With my 4/10 tinnitus until 2020, I would never have wasted a thought about having something injected through my eardrum. Never.

Therefore, commercialization will be very limited.

Unfortunately.

I don't think this is the case, more than 2 million have severe tinnitus apparently in the US unless Google is lying.

Before all this crap happened to me, I would have gotten an IT shot when my tinnitus was like a 3 to be done with it forever.

And don't forget OTO-413 for hearing loss is an even bigger market.

Definitely no guarantee because if these drugs fail, the company is going under.

 

[Bambam0]

So if Otonomy succeeds, the stock could potentially triple at most.

WUT. This stock was worth triple 1 year ago.

 

[Eliot Martin]

FX-322 + FX-345 + OTO-313 + OTO-413 + NHPN-1010 = Tinnitus diminished + Hearing gain.

 

[Exit]

FX-322 + FX-345 + OTO-313 + OTO-413 + NHPN-1010 = Tinnitus diminished + Hearing gain.

Take them all and see what happens

 

[Nobody19]

WUT. This stock was worth triple 1 year ago.

Their Phase 3 trial for a Meniere drug failed.

About commercialization, I think quite some people who just have tinnitus might get this shot. It takes a while before habituation kicks in.

 

[Brian Newman]

FX-322 + FX-345 + OTO-313 + OTO-413 + NHPN-1010 = Tinnitus diminished + Hearing gain.

Hahah if only. Imagine.

 

[Toby1972]

@Toby1972, the injection into the ear is really no more painful than getting the vaccines.

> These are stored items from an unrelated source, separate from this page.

(* Let $A,B,C,D\in\mathcal M_n$ be accretive with $\Re A\le\Re C$, $\Re B\le\Re D$, and $W(A),W(B)\subset S_\alpha$ for some $0\le\alpha<\pi/2$. Then for every $f\in\mathfrak m$, $$\Re(A\sigma_fB)\le\sec^2(\alpha)\,\Re(C\sigma_fD).$$
   Context: A matrix $A$ is accretive if $\Re A=\frac{A+A^*}{2}$ is positive definite. $W(A)$ is the numerical range, $S_\alpha=\{z:\Re z>0,\ |\Im z|\le\tan(\alpha)\Re z\}$. $\le$ is the Löwner order. $\mathfrak m$ is the set of matrix monotone $f:(0,\infty)\to(0,\infty)$ with $f(1)=1$; each has a unique probability measure $\nu_f$ on $[0,1]$ with $f(x)=\int_0^1((1-t)+tx^{-1})^{-1}d\nu_f(t)$, $x>0$. For accretive $A,B$: $A!_tB=((1-t)A^{-1}+tB^{-1})^{-1}$ and $A\sigma_fB:=\int_0^1A!_tB\,d\nu_f(t)$. *)

theory Defs
  imports "HOL-Analysis.Analysis" "HOL-Probability.Probability_Measure"
begin

definition adj :: "complex^'n^'n \<Rightarrow> complex^'n^'n" where
  "adj A = (\<chi> i j. cnj (A $ j $ i))"

definition hermitian :: "complex^'n^'n \<Rightarrow> bool" where
  "hermitian A \<longleftrightarrow> adj A = A"

definition qform :: "complex^'n^'n \<Rightarrow> complex^'n \<Rightarrow> complex" where
  "qform A x = (\<Sum>i\<in>UNIV. cnj (x $ i) * ((A *v x) $ i))"

definition re_part :: "complex^'n^'n \<Rightarrow> complex^'n^'n" where
  "re_part A = (1/2 :: real) *\<^sub>R (A + adj A)"

definition pos_def :: "complex^'n^'n \<Rightarrow> bool" where
  "pos_def H \<longleftrightarrow> hermitian H \<and> (\<forall>x. x \<noteq> 0 \<longrightarrow> 0 < Re (qform H x))"

definition loewner_le :: "complex^'n^'n \<Rightarrow> complex^'n^'n \<Rightarrow> bool" where
  "loewner_le X Y \<longleftrightarrow> hermitian X \<and> hermitian Y \<and> (\<forall>x. 0 \<le> Re (qform (Y - X) x))"

definition accretive :: "complex^'n^'n \<Rightarrow> bool" where
  "accretive A \<longleftrightarrow> pos_def (re_part A)"

definition num_range :: "complex^'n^'n \<Rightarrow> complex set" where
  "num_range A = {qform A x | x. norm x = 1}"

definition sector :: "real \<Rightarrow> complex set" where
  "sector \<alpha> = {z. 0 < Re z \<and> \<bar>Im z\<bar> \<le> tan \<alpha> * Re z}"

definition hmean :: "real \<Rightarrow> complex^'n^'n \<Rightarrow> complex^'n^'n \<Rightarrow> complex^'n^'n" where
  "hmean t A B = matrix_inv ((1 - t) *\<^sub>R matrix_inv A + t *\<^sub>R matrix_inv B)"

text \<open>A sigma_f B, given the representing probability measure \<nu> of f\<close>
definition sigma_mean :: "real measure \<Rightarrow> complex^'n^'n \<Rightarrow> complex^'n^'n \<Rightarrow> complex^'n^'n" where
  "sigma_mean \<nu> A B = (\<integral>t. hmean t A B \<partial>\<nu>)"

text \<open>k x k complex matrices as functions nat => nat => complex (entries outside k irrelevant)\<close>
definition mmul :: "nat \<Rightarrow> (nat \<Rightarrow> nat \<Rightarrow> complex) \<Rightarrow> (nat \<Rightarrow> nat \<Rightarrow> complex) \<Rightarrow> nat \<Rightarrow> nat \<Rightarrow> complex" where
  "mmul k X Y = (\<lambda>i j. \<Sum>l<k. X i l * Y l j)"

definition madj :: "(nat \<Rightarrow> nat \<Rightarrow> complex) \<Rightarrow> nat \<Rightarrow> nat \<Rightarrow> complex" where
  "madj X = (\<lambda>i j. cnj (X j i))"

definition munitary :: "nat \<Rightarrow> (nat \<Rightarrow> nat \<Rightarrow> complex) \<Rightarrow> bool" where
  "munitary k U \<longleftrightarrow> (\<forall>i<k. \<forall>j<k. mmul k (madj U) U i j = (if i = j then 1 else 0))"

definition mdiag :: "(nat \<Rightarrow> real) \<Rightarrow> nat \<Rightarrow> nat \<Rightarrow> complex" where
  "mdiag d = (\<lambda>i j. if i = j then complex_of_real (d i) else 0)"

text \<open>U diag(d) U^*, i.e. the Hermitian matrix with eigenvalues d and eigenvectors columns of U;
  applying f to it (functional calculus) gives U diag(f o d) U^*\<close>
definition spec :: "nat \<Rightarrow> (nat \<Rightarrow> nat \<Rightarrow> complex) \<Rightarrow> (nat \<Rightarrow> real) \<Rightarrow> nat \<Rightarrow> nat \<Rightarrow> complex" where
  "spec k U d = mmul k (mmul k U (mdiag d)) (madj U)"

definition mloewner :: "nat \<Rightarrow> (nat \<Rightarrow> nat \<Rightarrow> complex) \<Rightarrow> (nat \<Rightarrow> nat \<Rightarrow> complex) \<Rightarrow> bool" where
  "mloewner k X Y \<longleftrightarrow>
     (\<forall>i<k. \<forall>j<k. X i j = cnj (X j i) \<and> Y i j = cnj (Y j i)) \<and>
     (\<forall>x. 0 \<le> Re (\<Sum>i<k. \<Sum>j<k. cnj (x i) * (Y i j - X i j) * x j))"

definition matrix_monotone :: "(real \<Rightarrow> real) \<Rightarrow> bool" where
  "matrix_monotone f \<longleftrightarrow>
     (\<forall>k U V a b. munitary k U \<longrightarrow> munitary k V \<longrightarrow> (\<forall>i<k. 0 < a i \<and> 0 < b i) \<longrightarrow>
        mloewner k (spec k U a) (spec k V b) \<longrightarrow> mloewner k (spec k U (f \<circ> a)) (spec k V (f \<circ> b)))"

definition class_m :: "(real \<Rightarrow> real) set" where
  "class_m = {f. matrix_monotone f \<and> (\<forall>x>0. 0 < f x) \<and> f 1 = 1}"

definition represents :: "real measure \<Rightarrow> (real \<Rightarrow> real) \<Rightarrow> bool" where
  "represents \<nu> f \<longleftrightarrow> prob_space \<nu> \<and> sets \<nu> = sets (restrict_space borel {0..1}) \<and>
     space \<nu> = {0..1} \<and>
     (\<forall>x>0. f x = (\<integral>t. 1 / ((1 - t) + t / x) \<partial>\<nu>))"

end

theory Submission
  imports Defs
begin

text \<open>
  Writing \<open>x = (1 - t) a + t b\<close> with \<open>A a = B b = (A !\<^sub>t B) x\<close>, and
  likewise \<open>x = (1 - t) c + t d\<close> for \<open>C !\<^sub>t D\<close>, and pairing \<open>(A !\<^sub>t B) x\<close> with both splittings
  of \<open>x\<close> gives
  \<open>Re \<langle>x, (A !\<^sub>t B) x\<rangle> = (1 - t) (2 Re \<langle>c, A a\<rangle> - Re \<langle>a, A a\<rangle>) + t (2 Re \<langle>d, B b\<rangle> - Re \<langle>b, B b\<rangle>)\<close>.
  If \<open>W(A) \<subseteq> S\<^sub>\<alpha>\<close>, the sector condition applied to the vectors \<open>tan \<alpha> c \<plusminus> i (a - c)\<close> yields
  \<open>2 Re \<langle>c, A a\<rangle> - Re \<langle>a, A a\<rangle> \<le> sec\<^sup>2 \<alpha> Re \<langle>c, A c\<rangle> \<le> sec\<^sup>2 \<alpha> Re \<langle>c, C c\<rangle>\<close>.
  Hence \<open>Re (A !\<^sub>t B) \<le> sec\<^sup>2 \<alpha> Re (C !\<^sub>t D)\<close> for every \<open>t\<close>, and integrating against \<open>\<nu>\<^sub>f\<close>
  gives the theorem.
\<close>

definition hinner :: "complex^'n \<Rightarrow> complex^'n \<Rightarrow> complex" where
  "hinner u v = (\<Sum>i\<in>UNIV. cnj (u $ i) * v $ i)"

lemma qform_eq_hinner: "qform M x = hinner x (M *v x)"
  by (simp add: qform_def hinner_def)

lemma hinner_commute: "hinner u v = cnj (hinner v u)"
  by (simp add: hinner_def mult.commute)

lemma hinner_add_left: "hinner (u + v) w = hinner u w + hinner v w"
  by (simp add: hinner_def distrib_right sum.distrib)

lemma hinner_add_right: "hinner u (v + w) = hinner u v + hinner u w"
  by (simp add: hinner_def distrib_left sum.distrib)

lemma hinner_scaleR_left: "hinner (r *\<^sub>R u) w = of_real r * hinner u w"
  by (simp add: hinner_def sum_distrib_left scaleR_conv_of_real[where 'a=complex] mult_ac)

lemma hinner_scaleR_right: "hinner u (r *\<^sub>R w) = of_real r * hinner u w"
  by (simp add: hinner_def sum_distrib_left scaleR_conv_of_real[where 'a=complex] mult_ac)

lemma hinner_smult_left: "hinner (c *s u) w = cnj c * hinner u w"
  by (simp add: hinner_def sum_distrib_left mult_ac)

lemma hinner_smult_right: "hinner u (c *s w) = c * hinner u w"
  by (simp add: hinner_def sum_distrib_left mult_ac)

lemma matrix_vector_mult_scaleR_complex:
  "(M::complex^'n^'m) *v (r *\<^sub>R u) = r *\<^sub>R (M *v u)"
  by (simp add: vec_eq_iff matrix_vector_mult_def sum_distrib_left scaleR_conv_of_real[where 'a=complex] mult_ac)

lemma scaleR_matrix_vector_mult_complex:
  "(r *\<^sub>R (M::complex^'n^'m)) *v u = r *\<^sub>R (M *v u)"
  by (simp add: vec_eq_iff matrix_vector_mult_def sum_distrib_left scaleR_conv_of_real[where 'a=complex] mult_ac)

lemma qform_add: "qform (M + N) x = qform M x + qform N x"
  by (simp add: qform_eq_hinner matrix_vector_mult_add_rdistrib hinner_add_right)

lemma qform_diff: "qform (M - N) x = qform M x - qform N x"
  by (simp add: qform_def matrix_vector_mult_diff_rdistrib right_diff_distrib sum_subtractf)

lemma qform_scaleR: "qform (r *\<^sub>R M) x = of_real r * qform M x"
  by (simp add: qform_eq_hinner scaleR_matrix_vector_mult_complex hinner_scaleR_right)

lemma qform_scaleR_vector: "qform M (r *\<^sub>R x) = of_real (r\<^sup>2) * qform M x"
  by (simp add: qform_eq_hinner matrix_vector_mult_scaleR_complex hinner_scaleR_left
      hinner_scaleR_right power2_eq_square)

lemma qform_zero_vector [simp]: "qform M 0 = 0"
  by (simp add: qform_def)

lemma qform_adj: "qform (adj M) x = cnj (qform M x)"
proof -
  have "qform (adj M) x = (\<Sum>i\<in>UNIV. \<Sum>j\<in>UNIV. cnj (x $ i) * cnj (M $ j $ i) * x $ j)"
    by (simp add: qform_def adj_def matrix_vector_mult_def sum_distrib_left mult_ac)
  also have "\<dots> = (\<Sum>j\<in>UNIV. \<Sum>i\<in>UNIV. cnj (x $ i) * cnj (M $ j $ i) * x $ j)"
    by (rule sum.swap)
  also have "\<dots> = cnj (qform M x)"
    by (simp add: qform_def matrix_vector_mult_def sum_distrib_left mult_ac)
  finally show ?thesis .
qed

lemma Re_qform_re_part: "Re (qform (re_part M) x) = Re (qform M x)"
  by (simp add: re_part_def qform_scaleR qform_add qform_adj)

lemma hermitian_re_part: "hermitian (re_part M)"
  by (simp add: hermitian_def re_part_def adj_def vec_eq_iff scaleR_conv_of_real[where 'a=complex] add.commute)

lemma hermitian_scaleR: "hermitian M \<Longrightarrow> hermitian (r *\<^sub>R M)"
  by (simp add: hermitian_def adj_def vec_eq_iff scaleR_conv_of_real[where 'a=complex])

lemma loewner_le_re_part_iff:
  "loewner_le (re_part M) (re_part N) \<longleftrightarrow> (\<forall>x. Re (qform M x) \<le> Re (qform N x))"
  by (simp add: loewner_le_def hermitian_re_part qform_diff Re_qform_re_part)

lemma accretive_iff: "accretive M \<longleftrightarrow> (\<forall>x. x \<noteq> 0 \<longrightarrow> 0 < Re (qform M x))"
  by (simp add: accretive_def pos_def_def hermitian_re_part Re_qform_re_part)

lemma accretive_Re_qform_nonneg: "accretive M \<Longrightarrow> 0 \<le> Re (qform M x)"
  by (cases "x = 0") (auto simp: accretive_iff less_imp_le)

lemma matrix_inv_right:
  fixes M :: "'a::field^'n^'n"
  assumes "invertible M"
  shows "M ** matrix_inv M = mat 1"
  using someI_ex[of "\<lambda>N. M ** N = mat 1 \<and> N ** M = mat 1"] assms
  unfolding invertible_def matrix_inv_def by blast

lemma matrix_vector_mult_matrix_inv_cancel:
  fixes M :: "'a::field^'n^'n"
  assumes "invertible M"
  shows "M *v (matrix_inv M *v y) = y"
  by (simp add: matrix_vector_mul_assoc matrix_inv_right[OF assms])

lemma accretive_imp_invertible:
  fixes M :: "complex^'n^'n"
  assumes "accretive M"
  shows "invertible M"
proof -
  have "\<forall>x. M *v x = 0 \<longrightarrow> x = 0"
    using assms by (auto simp: accretive_iff qform_def)
  then show ?thesis
    using matrix_left_invertible_ker invertible_left_inverse by blast
qed

lemma accretive_matrix_inv:
  fixes M :: "complex^'n^'n"
  assumes "accretive M"
  shows "accretive (matrix_inv M)"
  unfolding accretive_iff
proof (intro allI impI)
  fix v :: "complex^'n" assume "v \<noteq> 0"
  define p where "p = matrix_inv M *v v"
  have Mp: "M *v p = v"
    unfolding p_def by (rule matrix_vector_mult_matrix_inv_cancel[OF accretive_imp_invertible[OF assms]])
  with \<open>v \<noteq> 0\<close> have "p \<noteq> 0"
    by auto
  then have "0 < Re (qform M p)"
    using assms by (simp add: accretive_iff)
  moreover have "qform (matrix_inv M) v = hinner (M *v p) p"
    by (simp add: qform_eq_hinner Mp flip: p_def)
  then have "qform (matrix_inv M) v = cnj (qform M p)"
    by (simp add: qform_eq_hinner hinner_commute[of "M *v p"])
  ultimately show "0 < Re (qform (matrix_inv M) v)"
    by simp
qed

lemma accretive_convex_combination:
  fixes M N :: "complex^'n^'n"
  assumes "accretive M" "accretive N" "0 \<le> t" "t \<le> 1"
  shows "accretive ((1 - t) *\<^sub>R M + t *\<^sub>R N)"
  unfolding accretive_iff
proof (intro allI impI)
  fix x :: "complex^'n" assume "x \<noteq> 0"
  then have "0 < Re (qform M x)" "0 < Re (qform N x)"
    using assms by (auto simp: accretive_iff)
  then have "0 < (1 - t) * Re (qform M x) + t * Re (qform N x)"
    using assms(3,4) by (cases "t = 1") (auto intro: add_pos_nonneg)
  then show "0 < Re (qform ((1 - t) *\<^sub>R M + t *\<^sub>R N) x)"
    by (simp add: qform_add qform_scaleR)
qed

definition sectorial :: "real \<Rightarrow> complex^'n^'n \<Rightarrow> bool" where
  "sectorial \<tau> M \<longleftrightarrow> (\<forall>z. \<bar>Im (qform M z)\<bar> \<le> \<tau> * Re (qform M z))"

I don't mean the process itself of piercing the eardrum, but having an injection that you don't know exactly, a process that would have to hit exactly the right area in the ear, something that we don't know the long-term effects of. I think only grade 3 and 4 (out of 4) patients would dare to do that.

 

[Exit]

I don't mean the process itself of piercing the eardrum, but having an injection that you don't know exactly, a process that would have to hit exactly the right area in the ear, something that we don't know the long-term effects of. I think only grade 3 and 4 (out of 4) patients would dare to do that.

If the ENTs got an incentive to push it to newcomers, I'm sure most will try after a month or two with no improvements on their own.